Team Wins Grant for Environmentalist GameVideo Game Designed for High School Students Wins $238,000 From MacArthur Foundation
Tuesday, February 26, 2008
Category: News > University > Academics and Administration
A UC Berkeley professor and his team of researchers have been awarded a $238,000 grant, announced on Thursday, for their work in creating an environmental studies video game for high school students.
The John D. and Catherine T. MacArthur Foundation held a competition last year for innovations in learning to use digital media, awarding a total of $2 million to seventeen winners.
UC Berkeley professor of art practice Greg Niemeyer, two graduate students, a programmer and two associates in Los Angeles and Cairo were announced as members of the winning team last Thursday.
The team has been awarded a grant of $238,000-the largest amount given this year for the award-for their development of the innovative and educational video game "Black Cloud."

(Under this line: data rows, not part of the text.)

lemma bwd_edge_stationary:
  assumes "c > 0" "stationary_flows g fbar bbar F B \<rho>" "n 1 \<ge> 1" "n 2 \<ge> 1"
    and agree: "agree_on_paths n (p, f, b) (stationary_state c F B \<rho>)"
    and "i \<in> {1,2}" "k \<le> n i"
  shows "bwd_edge g bbar n p b i k = B i * (if k = 0 then \<rho> i else 1)"
proof (cases "k = n i")
  case True
  have "3 - i \<in> {1,2}" "n i \<noteq> 0" "n (3 - i) \<noteq> 0"
    using assms(3,4,6) by auto
  then have "split_share g (p i (n i)) (p (3 - i) (n (3 - i)))
      = split_share g (F i * \<rho> i + B i) (F (3 - i) * \<rho> (3 - i) + B (3 - i))"
    using agree_on_paths_stationary_stateD(1)[OF agree] assms(6)
    by (simp add: split_share_scale[OF \<open>c > 0\<close>] add.commute)
  then show ?thesis
    using True \<open>n i \<noteq> 0\<close> assms(2,6) by (auto simp: bwd_edge_def stationary_flows_def)
qed (use agree_on_paths_stationary_stateD(3)[OF agree] assms(6,7) in \<open>simp add: bwd_edge_def\<close>)

lemma step_stationary_state:
  assumes "n 1 \<ge> 1" "n 2 \<ge> 1" "0 < \<delta>" "\<delta> < 1"
    and flows: "stationary_flows g fbar bbar F B \<rho>"
    and agree: "agree_on_paths n st (stationary_state (\<delta> / (1 - \<delta>)) F B \<rho>)"
  shows "agree_on_paths n (step g \<delta> fbar bbar n (first_vertex_leak \<rho>) st)
    (stationary_state (\<delta> / (1 - \<delta>)) F B \<rho>)"
proof -
  define c where "c = \<delta> / (1 - \<delta>)"
  have "c > 0"
    using assms(3,4) by (simp add: c_def)
  have fixed: "\<delta> * (c * X + X) = c * X" for X
    using assms(3,4) by (simp add: c_def field_simps)
  obtain p f b where st: "st = (p, f, b)"
    by (cases st)
  note stationary = agree_on_paths_stationary_stateD[OF agree[unfolded st, folded c_def]]
    and fwd = fwd_edge_stationary[OF \<open>c > 0\<close> flows agree[unfolded st, folded c_def]]
    and bwd = bwd_edge_stationary[OF \<open>c > 0\<close> flows assms(1,2) agree[unfolded st, folded c_def]]
  show ?thesis
    unfolding st step_def c_def[symmetric] prod.case
  proof (simp only: agree_on_paths_def stationary_state_def prod.case, intro ballI conjI allI impI)
    fix i k :: nat assume i: "i \<in> {1,2}"
    show "\<delta> * (p i k + fwd_edge g fbar p f i k + bwd_edge g bbar n p b i k)
        = c * (F i * (if k = 0 then 1 else \<rho> i) + B i * (if k = 0 then \<rho> i else 1))" if "k \<le> n i"
      using stationary(1)[OF i that] fwd[OF i that] bwd[OF i that] fixed by (simp add: add.assoc)
    assume "k \<in> {1..n i}"
    then show "(1 - first_vertex_leak \<rho> i k) * fwd_edge g fbar p f i (k - 1) = F i * \<rho> i"
      and "(1 - first_vertex_leak \<rho> i k) * bwd_edge g bbar n p b i k = B i * (if k = 1 then \<rho> i else 1)"
      using fwd[OF i, of "k - 1"] bwd[OF i, of k] by (auto simp: first_vertex_leak_def)
  qed
qed


lemma traj_invariant:
  assumes "P st0" and "\<And>st. P st \<Longrightarrow> P (step g \<delta> fbar bbar n l st)"
  shows "P (traj g \<delta> fbar bbar n l st0 t)"
  using assms by (induction t) auto

lemma agree_on_paths_traj_stationary_state:
  assumes "n 1 \<ge> 1" "n 2 \<ge> 1" "0 < \<delta>" "\<delta> < 1" "stationary_flows g fbar bbar F B \<rho>"
  shows "agree_on_paths n (traj g \<delta> fbar bbar n (first_vertex_leak \<rho>) (stationary_state (\<delta> / (1 - \<delta>)) F B \<rho>) t)
    (stationary_state (\<delta> / (1 - \<delta>)) F B \<rho>)"
  by (rule traj_invariant[where P = "\<lambda>st. agree_on_paths n st (stationary_state (\<delta> / (1 - \<delta>)) F B \<rho>)"])
    (simp_all add: agree_on_paths_refl step_stationary_state[OF assms])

In the game, high school students take on the role of real estate developers or environmentalists and use air quality sensors to detect levels of pollution in order to find good places for conservation or development, Niemeyer said.

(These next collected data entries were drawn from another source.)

lemma Re_ln_mono_eig_ge:
  fixes k a b :: complex and c :: real
  assumes "a \<noteq> b" and "Im (a - b) \<ge> c * cmod (a - b)" and "cmod (k - 1) \<le> c / 2"
  shows "pi * c / cmod (a - b) \<le> Re (ln_mono_eig k a b)"
proof -
  define d where "d = a - b"
  have d_pos: "cmod d > 0"
    using assms(1) by (simp add: d_def)
  have "c / cmod d = c * cmod d / (cmod d)\<^sup>2"
    using d_pos by (simp add: power2_eq_square)
  also have "\<dots> \<le> Im d / (cmod d)\<^sup>2"
    using assms(2) by (simp add: d_def divide_right_mono)
  also have "\<dots> = Re (\<i> / d)"
    by (simp add: Re_divide cmod_power2)
  finally have main: "c / cmod d \<le> Re (\<i> / d)" .
  have "- Re (\<i> * (k - 1) / d) \<le> cmod (\<i> * (k - 1) / d)"
    using abs_Re_le_cmod[of "\<i> * (k - 1) / d"] by (simp add: abs_le_iff)
  also have "\<dots> = cmod (k - 1) / cmod d"
    by (simp add: norm_divide norm_mult)
  also have "\<dots> \<le> c / 2 / cmod d"
    using assms(3) by (intro divide_right_mono) auto
  finally have error: "- (c / 2 / cmod d) \<le> Re (\<i> * (k - 1) / d)"
    by linarith
  have "\<i> * k / d = \<i> / d + \<i> * (k - 1) / d"
    by (simp add: add_divide_distrib[symmetric] algebra_simps)
  then have "c / 2 / cmod d \<le> Re (\<i> * k / d)"
    using main error by simp
  then have "2 * pi * (c / 2 / cmod d) \<le> 2 * pi * Re (\<i> * k / d)"
    using pi_gt_zero by (intro mult_left_mono) auto
  moreover have "ln_mono_eig k a b = (2 * pi) *\<^sub>R (\<i> * k / d)"
    by (simp add: ln_mono_eig_def char_number_def d_def scaleR_conv_of_real)
  ultimately show ?thesis
    by (simp add: d_def)
qed

lemma filterlim_Re_ln_mono_eig_at_top:
  fixes k a b :: "'x \<Rightarrow> complex" and c :: real
  assumes "c > 0" and "(k \<longlongrightarrow> 1) F" and "((\<lambda>x. a x - b x) \<longlongrightarrow> 0) F"
    and "\<forall>\<^sub>F x in F. a x \<noteq> b x" and "\<forall>\<^sub>F x in F. Im (a x - b x) \<ge> c * cmod (a x - b x)"
  shows "filterlim (\<lambda>x. Re (ln_mono_eig (k x) (a x) (b x))) at_top F"
proof (rule filterlim_at_top_mono)
  have "filterlim (\<lambda>x. inverse (cmod (a x - b x))) at_top F"
    using assms(3,4) by (intro filterlim_inverse_at_top tendsto_norm_zero) (auto elim: eventually_mono)
  then show "filterlim (\<lambda>x. (pi * c) * inverse (cmod (a x - b x))) at_top F"
    using assms(1) by (intro filterlim_tendsto_pos_mult_at_top[OF tendsto_const]) auto
  have "\<forall>\<^sub>F x in F. cmod (k x - 1) < c / 2"
    using assms(2) \<open>c > 0\<close> unfolding tendsto_iff dist_norm by (metis half_gt_zero)
  with assms(4,5) show "\<forall>\<^sub>F x in F. (pi * c) * inverse (cmod (a x - b x)) \<le> Re (ln_mono_eig (k x) (a x) (b x))"
    by eventually_elim (metis Re_ln_mono_eig_ge divide_inverse less_imp_le)
qed

lemma filterlim_exp_at_infinity_if_Re_at_top:
  fixes f :: "'x \<Rightarrow> complex"
  assumes "filterlim (\<lambda>x. Re (f x)) at_top F"
  shows "filterlim (\<lambda>x. exp (f x)) at_infinity F"
  unfolding filterlim_at_infinity_conv_norm_at_top norm_exp_eq_Re
  using filterlim_compose[OF exp_at_top assms] .

lemma tendsto_exp_zero_if_Re_at_top:
  fixes f :: "'x \<Rightarrow> complex"
  assumes "filterlim (\<lambda>x. Re (f x)) at_top F"
  shows "((\<lambda>x. exp (- f x)) \<longlongrightarrow> 0) F"
proof (rule tendsto_norm_zero_cancel)
  have "filterlim (\<lambda>x. - Re (f x)) at_bot F"
    using assms by (simp add: filterlim_uminus_at_bot)
  then show "((\<lambda>x. norm (exp (- f x))) \<longlongrightarrow> 0) F"
    unfolding norm_exp_eq_Re by (simp add: filterlim_compose[OF exp_at_bot])
qed

lemma ln_mono_eig_asymp_proportional:
  fixes k1 k2 a b :: "'x \<Rightarrow> complex"
  assumes "(k1 \<longlongrightarrow> L) F" and "(k2 \<longlongrightarrow> L) F" and "L \<noteq> 0"
  shows "\<exists>h. (h \<longlongrightarrow> 0) F \<and> (\<forall>\<^sub>F x in F.
           ln_mono_eig (k1 x) (a x) (b x) = (1 + h x) * ln_mono_eig (k2 x) (a x) (b x))"
proof (intro exI conjI)
  show "((\<lambda>x. k1 x / k2 x - 1) \<longlongrightarrow> 0) F"
    using tendsto_diff[OF tendsto_divide[OF assms] tendsto_const, of 1] assms(3) by simp
  show "\<forall>\<^sub>F x in F. ln_mono_eig (k1 x) (a x) (b x)
          = (1 + (k1 x / k2 x - 1)) * ln_mono_eig (k2 x) (a x) (b x)"
    using tendsto_imp_eventually_ne[OF assms(2,3)]
    by eventually_elim (simp add: ln_mono_eig_def char_number_def)
qed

"The goal for each team is to capture as many sensors as possible, and place them in areas where they can collect as much information as they can to help their cause," he said.
The game was developed to be part of the curriculum at Manual Arts High School in South Central Los Angeles, though the team said they want to see it expand to other schools as well.

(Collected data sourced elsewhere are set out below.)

(* Contract the nodal equations with the entropy variables w(U_i). The time-derivative term becomes
   the discrete entropy rate. The volume term telescopes to q(U_N) - q(U_0): by (C1), (C3), (C4)
   the matrix w(U_i) . D^-(U_i, U_m) is skew-symmetric up to the potential q, and the SBP property
   together with the zero row sums of D (the Lagrange basis is a partition of unity) sums such a
   matrix against 2 omega_i D_im to the difference of the potential at the end nodes. At the two
   interfaces, (C4) and the dissipativity of Q bound the contracted entropy stable fluctuations by
   the numerical entropy flux. *)

definition lagrange_poly :: "nat \<Rightarrow> (nat \<Rightarrow> real) \<Rightarrow> nat \<Rightarrow> real poly" where
  "lagrange_poly N \<xi> j =
     smult (inverse (\<Prod>m\<in>{0..N} - {j}. \<xi> j - \<xi> m)) (\<Prod>m\<in>{0..N} - {j}. [:- \<xi> m, 1:])"

lemma poly_lagrange_poly: "poly (lagrange_poly N \<xi> j) = lagrange_basis N \<xi> j"
  unfolding lagrange_poly_def lagrange_basis_def poly_smult poly_prod prod_dividef
  by (rule ext) (simp add: field_simps)

lemma degree_lagrange_poly:
  assumes "j \<le> N"
  shows "degree (lagrange_poly N \<xi> j) \<le> N"
proof -
  have "degree (lagrange_poly N \<xi> j) \<le> degree (\<Prod>m\<in>{0..N} - {j}. [:- \<xi> m, 1:])"
    unfolding lagrange_poly_def by (rule degree_smult_le)
  also have "\<dots> \<le> (\<Sum>m\<in>{0..N} - {j}. degree [:- \<xi> m, 1:])"
    using degree_prod_sum_le[of "{0..N} - {j}" "\<lambda>m. [:- \<xi> m, 1:]"] by (simp add: o_def)
  also have "\<dots> = N"
    using assms by simp
  finally show ?thesis .
qed

lemma lagrange_basis_node:
  assumes "inj_on \<xi> {0..N}" and "i \<le> N" and "j \<le> N"
  shows "lagrange_basis N \<xi> j (\<xi> i) = (if i = j then 1 else 0)"
proof (cases "i = j")
  case True
  have "\<xi> j \<noteq> \<xi> m" if "m \<in> {0..N} - {j}" for m
    using assms that by (auto simp: inj_on_def)
  then show ?thesis
    using True unfolding lagrange_basis_def by (simp add: prod.neutral)
next
  case False
  then show ?thesis
    using assms(2) unfolding lagrange_basis_def by (auto intro: prod_zero)
qed

lemma sum_lagrange_basis:
  assumes inj: "inj_on \<xi> {0..N}"
  shows "(\<Sum>j\<le>N. lagrange_basis N \<xi> j x) = 1"
proof -
  have "(\<Sum>j\<le>N. lagrange_poly N \<xi> j) = 1"
  proof (rule poly_eqI_degree[where A = "\<xi> ` {0..N}"])
    fix y assume "y \<in> \<xi> ` {0..N}"
    then obtain i where "i \<le> N" "y = \<xi> i" by auto
    then show "poly (\<Sum>j\<le>N. lagrange_poly N \<xi> j) y = poly 1 y"
      using inj by (simp add: poly_sum poly_lagrange_poly lagrange_basis_node)
  next
    have "card (\<xi> ` {0..N}) = Suc N"
      using inj by (simp add: card_image)
    moreover have "degree (\<Sum>j\<le>N. lagrange_poly N \<xi> j) \<le> N"
      by (rule degree_sum_le) (auto intro: degree_lagrange_poly)
    ultimately show "degree (\<Sum>j\<le>N. lagrange_poly N \<xi> j) < card (\<xi> ` {0..N})"
      and "degree (1 :: real poly) < card (\<xi> ` {0..N})"
      by simp_all
  qed
  then have "poly (\<Sum>j\<le>N. lagrange_poly N \<xi> j) x = 1"
    by simp
  then show ?thesis
    by (simp add: poly_sum poly_lagrange_poly)
qed

lemma sum_diff_matrix_row:
  assumes "inj_on \<xi> {0..N}"
  shows "(\<Sum>m\<le>N. diff_matrix N \<xi> i m) = 0"
proof -
  have "lagrange_basis N \<xi> m field_differentiable at y" for m y
    unfolding poly_lagrange_poly[symmetric] field_differentiable_def by (blast intro: poly_DERIV)
  then have "(\<Sum>m\<le>N. diff_matrix N \<xi> i m) = deriv (\<lambda>y. \<Sum>m\<le>N. lagrange_basis N \<xi> m y) (\<xi> i)"
    unfolding diff_matrix_def by (simp add: deriv_sum)
  also have "\<dots> = 0"
    using sum_lagrange_basis[OF assms] by simp
  finally show ?thesis .
qed

lemma sum_bdry_matrix:
  fixes h :: "nat \<Rightarrow> nat \<Rightarrow> real"
  shows "(\<Sum>i\<le>N. \<Sum>m\<le>N. bdry_matrix N i m * h i m) = h N N - h 0 0"
proof -
  have "bdry_matrix N i m * h i m =
      (if m = N then if i = N then h N N else 0 else 0) - (if m = 0 then if i = 0 then h 0 0 else 0 else 0)"
    for i m
    by (simp add: bdry_matrix_def)
  then show ?thesis
    by (simp add: sum_subtractf)
qed

lemma sum_sbp_symmetrized:
  fixes \<omega> :: "nat \<Rightarrow> real" and D h :: "nat \<Rightarrow> nat \<Rightarrow> real"
  assumes sbp: "\<And>i m. i \<le> N \<Longrightarrow> m \<le> N \<Longrightarrow> \<omega> i * D i m + \<omega> m * D m i = bdry_matrix N i m"
  shows "(\<Sum>i\<le>N. \<Sum>m\<le>N. \<omega> i * D i m * h i m) + (\<Sum>i\<le>N. \<Sum>m\<le>N. \<omega> m * D m i * h i m)
    = h N N - h 0 0"
proof -
  have "(\<Sum>i\<le>N. \<Sum>m\<le>N. \<omega> i * D i m * h i m) + (\<Sum>i\<le>N. \<Sum>m\<le>N. \<omega> m * D m i * h i m)
      = (\<Sum>i\<le>N. \<Sum>m\<le>N. bdry_matrix N i m * h i m)"
    unfolding sum.distrib[symmetric] by (intro sum.cong refl) (simp add: sbp flip: distrib_right)
  then show ?thesis
    by (simp add: sum_bdry_matrix)
qed

lemma sbp_sum_telescopes:
  fixes \<omega> r :: "nat \<Rightarrow> real" and D :: "nat \<Rightarrow> nat \<Rightarrow> real"
  assumes sbp: "\<And>i m. i \<le> N \<Longrightarrow> m \<le> N \<Longrightarrow> \<omega> i * D i m + \<omega> m * D m i = bdry_matrix N i m"
    and rows: "\<And>i. i \<le> N \<Longrightarrow> (\<Sum>m\<le>N. D i m) = 0"
  shows "(\<Sum>i\<le>N. \<Sum>m\<le>N. \<omega> i * D i m * r m) = r N - r 0"
proof -
  have "(\<Sum>i\<le>N. \<Sum>m\<le>N. \<omega> m * D m i * r m) = (\<Sum>m\<le>N. \<omega> m * r m * (\<Sum>i\<le>N. D m i))"
    by (subst sum.swap) (simp add: sum_distrib_left mult_ac)
  also have "\<dots> = 0"
    by (simp add: rows)
  finally show ?thesis
    using sum_sbp_symmetrized[OF sbp, of "\<lambda>i m. r m"] by simp
qed

lemma sbp_flux_differencing:
  fixes \<omega> r :: "nat \<Rightarrow> real" and D g :: "nat \<Rightarrow> nat \<Rightarrow> real"
  assumes sbp: "\<And>i m. i \<le> N \<Longrightarrow> m \<le> N \<Longrightarrow> \<omega> i * D i m + \<omega> m * D m i = bdry_matrix N i m"
    and rows: "\<And>i. i \<le> N \<Longrightarrow> (\<Sum>m\<le>N. D i m) = 0"
    and skew: "\<And>i m. i \<le> N \<Longrightarrow> m \<le> N \<Longrightarrow> g i m - g m i = r m - r i"
    and diag: "\<And>i. i \<le> N \<Longrightarrow> g i i = 0"
  shows "(\<Sum>i\<le>N. \<Sum>m\<le>N. \<omega> i * 2 * D i m * g i m) = r N - r 0"
proof -
  have "g N N = 0" "g 0 0 = 0"
    using diag by auto
  then have "(\<Sum>i\<le>N. \<Sum>m\<le>N. \<omega> i * D i m * g m i) = - (\<Sum>i\<le>N. \<Sum>m\<le>N. \<omega> i * D i m * g i m)"
    using sum_sbp_symmetrized[OF sbp, of g] sum.swap[of "\<lambda>i m. \<omega> m * D m i * g i m"] by simp
  then have "(\<Sum>i\<le>N. \<Sum>m\<le>N. \<omega> i * 2 * D i m * g i m)
      = (\<Sum>i\<le>N. \<Sum>m\<le>N. \<omega> i * D i m * g i m) - (\<Sum>i\<le>N. \<Sum>m\<le>N. \<omega> i * D i m * g m i)"
    by (simp add: sum_distrib_left mult_ac)
  also have "\<dots> = (\<Sum>i\<le>N. \<Sum>m\<le>N. \<omega> i * D i m * (g i m - g m i))"
    by (simp add: right_diff_distrib sum_subtractf)
  also have "\<dots> = (\<Sum>i\<le>N. \<Sum>m\<le>N. \<omega> i * D i m * r m) - (\<Sum>i\<le>N. \<omega> i * r i * (\<Sum>m\<le>N. D i m))"
    by (simp add: skew right_diff_distrib sum_subtractf sum_distrib_left mult_ac)
  also have "\<dots> = r N - r 0"
    by (simp add: rows sbp_sum_telescopes[OF sbp rows])
  finally show ?thesis .
qed

lemma num_entropy_flux_consistent:
  assumes "Dm u u = 0"
  shows "num_entropy_flux q w Dm Q u u = q u"
  using assms by (simp add: num_entropy_flux_def)

lemma num_entropy_flux_ge_DES_plus:
  assumes "w uL \<bullet> Dm uL uR + w uR \<bullet> Dp uL uR = q uR - q uL"
    and "(w uR - w uL) \<bullet> (Q uL uR *v (uR - uL)) \<ge> 0"
  shows "q uR - w uR \<bullet> DES_plus Dp Q uL uR \<le> num_entropy_flux q w Dm Q uL uR"
  using assms by (simp add: num_entropy_flux_def DES_plus_def inner_add_right inner_add_left
      inner_diff_left field_simps)

lemma num_entropy_flux_le_DES_minus:
  assumes "(w uR - w uL) \<bullet> (Q uL uR *v (uR - uL)) \<ge> 0"
  shows "num_entropy_flux q w Dm Q uL uR \<le> q uL + w uL \<bullet> DES_minus Dm Q uL uR"
  using assms by (simp add: num_entropy_flux_def DES_minus_def inner_diff_right inner_add_left
      inner_diff_left)

lemma deriv_compose_gradient:
  fixes u :: "real \<Rightarrow> 'a::real_inner"
  assumes "u differentiable (at t)" and "(S has_derivative (\<lambda>h. g \<bullet> h)) (at (u t))"
  shows "deriv (\<lambda>\<tau>. S (u \<tau>)) t = g \<bullet> vector_derivative u (at t)"
proof -
  have "(u has_derivative (\<lambda>h. h *\<^sub>R vector_derivative u (at t))) (at t)"
    using assms(1) unfolding vector_derivative_works has_vector_derivative_def .
  from has_derivative_compose[OF this assms(2)]
  have "((\<lambda>\<tau>. S (u \<tau>)) has_field_derivative g \<bullet> vector_derivative u (at t)) (at t)"
    by (simp add: has_field_derivative_def mult_commute_abs)
  then show ?thesis
    by (rule DERIV_imp_deriv)
qed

Black Cloud has both an educational and philanthropic purpose, the team said.
"Those involved in the game ... will help fight pollution and reduce levels of carbon monoxide," said team arts manager Aida Eltorie in an e-mail.
Niemeyer also believes the game will help further the students' knowledge of research and science.
"Students will learn to read graphs and understand how critical it is to place sensors in certain areas," he said. "We hope they learn to see that the truth is really a matter of what you're after."
According to Ben Stokes, Program Officer of Digital Learning and Media for the MacArthur Foundation, this is one of the first competitions of its kind.
"We're focusing more on what young people are doing ... and using this huge new technology to focus on learning," he said.
Despite the competition's novelty, MacArthur Foundation officials said they were happy with the outcome.
"(The competition) opened our eyes to what else is out there," Stokes said. "We were really impressed ... and our hope is to have another next year."